→ **What you have to do**:
For the data below, restate word for word only the lines from the line containing "bounded_op_ell2[OF T ell2_delta])" through the line containing "column(1) by (simp add: S_def)", both ends included.

#### Exercise data ####

lemma bounded_op_inner_defect_tail:
  assumes T: "bounded_op T" and g: "g \<in> ell2" and h: "h \<in> ell2" and F: "finite F"
  defines "c \<equiv> \<lambda>y. ell2_inner (T (delta y)) h"
    and "tail \<equiv> \<lambda>z. if z \<in> F then 0 else g z"
  assumes c: "c \<in> ell2"
  shows "ell2_inner (T g) h - ell2_inner g c = ell2_inner (T tail) h - ell2_inner tail c"
proof -
  define head where "head = (\<lambda>z. if z \<in> F then g z else 0)"
  have head: "head \<in> ell2" and tail: "tail \<in> ell2"
    by (rule ell2_dominated[OF g], simp add: head_def tail_def)+
  have g_split: "g = (\<lambda>z. head z + tail z)" by (auto simp: head_def tail_def)
  have "ell2_inner (T g) h = ell2_inner (T head) h + ell2_inner (T tail) h"
    unfolding g_split bounded_op_add[OF T head tail]
    by (intro ell2_inner_add_left bounded_op_ell2[OF T] head tail h)
  moreover have "ell2_inner g c = ell2_inner head c + ell2_inner tail c"
    unfolding g_split by (intro ell2_inner_add_left head tail c)
  moreover have "ell2_inner (T head) h = ell2_inner head c"
    unfolding c_def by (rule bounded_op_inner_finite_support[OF T F _ h]) (simp add: head_def)
  ultimately show ?thesis by simp
qed

lemma bounded_op_inner_eq_inner_delta_column:
  assumes T: "bounded_op T" and g: "g \<in> ell2" and h: "h \<in> ell2"
  shows "ell2_inner (T g) h = ell2_inner g (\<lambda>y. ell2_inner (T (delta y)) h)"
proof -
  obtain C where C0: "C \<ge> 0" and C: "\<And>h. h \<in> ell2 \<Longrightarrow> ell2_norm (T h) \<le> C * ell2_norm h"
    using bounded_op_bound[OF T] by blast
  define c where "c = (\<lambda>y. ell2_inner (T (delta y)) h)"
  have c: "c \<in> ell2" unfolding c_def by (rule bounded_op_inner_delta_column(1)[OF T C0 C h])
  define K where "K = C * ell2_norm h + ell2_norm c"
  have K0: "K \<ge> 0" unfolding K_def using C0 by (simp add: ell2_norm_nonneg)
  have "cmod (ell2_inner (T g) h - ell2_inner g c) \<le> 0 + e" if e: "e > 0" for e
  proof -
    obtain F where F: "finite F"
      and small: "ell2_norm (\<lambda>z. if z \<in> F then 0 else g z) \<le> e / (K + 1)"
      using ell2_tail_small[OF g, of "e / (K + 1)"] e K0 by auto
    define tail where "tail = (\<lambda>z. if z \<in> F then 0 else g z)"
    have tail: "tail \<in> ell2" unfolding tail_def by (rule ell2_dominated[OF g]) simp
    have "cmod (ell2_inner (T g) h - ell2_inner g c) = cmod (ell2_inner (T tail) h - ell2_inner tail c)"
      using bounded_op_inner_defect_tail[OF T g h F] c unfolding c_def tail_def by simp
    also have "\<dots> \<le> cmod (ell2_inner (T tail) h) + cmod (ell2_inner tail c)"
      by (rule norm_triangle_ineq4)
    also have "\<dots> \<le> ell2_norm (T tail) * ell2_norm h + ell2_norm tail * ell2_norm c"
      by (intro add_mono ell2_cauchy_schwarz bounded_op_ell2[OF T] tail h c)
    also have "\<dots> \<le> (C * ell2_norm tail) * ell2_norm h + ell2_norm tail * ell2_norm c"
      by (intro add_mono mult_right_mono C tail ell2_norm_nonneg order_refl)
    also have "\<dots> = K * ell2_norm tail" unfolding K_def by (simp add: algebra_simps)
    also have "\<dots> \<le> K * (e / (K + 1))"
      using small K0 unfolding tail_def by (rule mult_left_mono)
    also have "\<dots> \<le> 0 + e"
      using e K0 by (simp add: field_simps)
    finally show ?thesis .
  qed
  then have "cmod (ell2_inner (T g) h - ell2_inner g c) \<le> 0" by (rule field_le_epsilon)
  then show ?thesis unfolding c_def by simp
qed

lemma bounded_op_has_adjoint:
  assumes T: "bounded_op T"
  shows "\<exists>S. bounded_op S \<and> (\<forall>g\<in>ell2. \<forall>h\<in>ell2. ell2_inner (T g) h = ell2_inner g (S h))"
proof -
  obtain C where C0: "C \<ge> 0" and C: "\<And>h. h \<in> ell2 \<Longrightarrow> ell2_norm (T h) \<le> C * ell2_norm h"
    using bounded_op_bound[OF T] by blast
  define S where "S h = (if h \<in> ell2 then (\<lambda>y. ell2_inner (T (delta y)) h) else (\<lambda>x. 0))" for h
  note column = bounded_op_inner_delta_column[OF T C0 C]
  have T_delta: "T (delta y) \<in> ell2" for y by (rule bounded_op_ell2[OF T ell2_delta])
  have "bounded_op S"
    unfolding bounded_op_def
  proof (intro conjI ballI allI impI)
    show "S h \<in> ell2" if "h \<in> ell2" for h using that column(1) by (simp add: S_def)
    show "S h = (\<lambda>x. 0)" if "h \<notin> ell2" for h using that by (simp add: S_def)
    show "S (\<lambda>x. g x + h x) = (\<lambda>x. S g x + S h x)" if "g \<in> ell2" "h \<in> ell2" for g h
      using that ell2_add[OF that] ell2_inner_add_right[OF T_delta that] by (simp add: S_def)
    show "S (\<lambda>x. a * h x) = (\<lambda>x. a * S h x)" if "h \<in> ell2" for a h
      using that ell2_cmult[OF that] by (simp add: S_def ell2_inner_cmult_right)
    show "\<exists>C. \<forall>h\<in>ell2. ell2_norm (S h) \<le> C * ell2_norm h"
      using column(2) by (auto simp: S_def)
  qed
  moreover have "ell2_inner (T g) h = ell2_inner g (S h)" if "g \<in> ell2" "h \<in> ell2" for g h
    using bounded_op_inner_eq_inner_delta_column[OF T that] that by (simp add: S_def)
  ultimately show ?thesis by blast
qed

lemma
  assumes "bounded_op T"
  shows bounded_op_adj: "bounded_op (adj T)"
    and ell2_inner_adj: "\<And>g h. g \<in> ell2 \<Longrightarrow> h \<in> ell2 \<Longrightarrow> ell2_inner (T g) h = ell2_inner g (adj T h)"
  using someI_ex[OF bounded_op_has_adjoint[OF assms]] unfolding adj_def by blast+

lemma adj_eqI:
  assumes T: "bounded_op T" and S: "bounded_op S"
    and adjoint: "\<And>g h. g \<in> ell2 \<Longrightarrow> h \<in> ell2 \<Longrightarrow> ell2_inner (T g) h = ell2_inner g (S h)"
  shows "adj T = S"
proof
  fix h
  show "adj T h = S h"
  proof (cases "h \<in> ell2")
    case True
    show ?thesis
    proof
      fix y
      have "adj T h y = ell2_inner (T (delta y)) h" using ell2_inner_adj[OF T ell2_delta True] by simp
      also have "\<dots> = S h y" using adjoint[OF ell2_delta True] by simp
      finally show "adj T h y = S h y" .
    qed
  next
    case False
    then show ?thesis using bounded_op_outside[OF S] bounded_op_outside[OF bounded_op_adj[OF T]] by simp
  qed
qed

lemma adj_delta_apply:
  assumes "bounded_op T"
  shows "adj T (delta x) y = cnj (entry T x y)"
  using ell2_inner_adj[OF assms ell2_delta ell2_delta, of y x] by (simp add: entry_def)

lemma bounded_op_apply_eq_infsum_entry:
  assumes T: "bounded_op T" and h: "h \<in> ell2"
  shows "T h x = infsum (\<lambda>y. entry T x y * h y) UNIV"
proof -
  have "T h x = cnj (ell2_inner (T h) (delta x))" by simp
  also have "\<dots> = cnj (ell2_inner h (adj T (delta x)))" by (simp only: ell2_inner_adj[OF T h ell2_delta])
  also have "\<dots> = infsum (\<lambda>y. cnj (cnj (h y) * adj T (delta x) y)) UNIV"
    unfolding ell2_inner_def by (rule infsum_cnj[symmetric])
  also have "\<dots> = infsum (\<lambda>y. entry T x y * h y) UNIV"
    by (simp add: adj_delta_apply[OF T] mult.commute)
  finally show ?thesis .
qed

lemma op_norm_le:
  assumes "\<And>h. h \<in> ell2 \<Longrightarrow> ell2_norm (R h) \<le> M * ell2_norm h" "M \<ge> 0"
  shows "op_norm R \<le> M"
  unfolding op_norm_def
proof (rule cSup_least)
  show "{ell2_norm (R h) |h. h \<in> ell2 \<and> ell2_norm h \<le> 1} \<noteq> {}"
    using ell2_zero by fastforce
  fix z assume "z \<in> {ell2_norm (R h) |h. h \<in> ell2 \<and> ell2_norm h \<le> 1}"
  then obtain h where h: "h \<in> ell2" "ell2_norm h \<le> 1" and z: "z = ell2_norm (R h)" by blast
  have "z \<le> M * ell2_norm h" using assms(1)[OF h(1)] z by simp
  also have "\<dots> \<le> M" using mult_left_mono[OF h(2) assms(2)] by simp
  finally show "z \<le> M" .
qed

####

→ **Exercise answer**:
  have T_delta: "T (delta y) \<in> ell2" for y by (rule bounded_op_ell2[OF T ell2_delta])
  have "bounded_op S"
    unfolding bounded_op_def
  proof (intro conjI ballI allI impI)
    show "S h \<in> ell2" if "h \<in> ell2" for h using that column(1) by (simp add: S_def)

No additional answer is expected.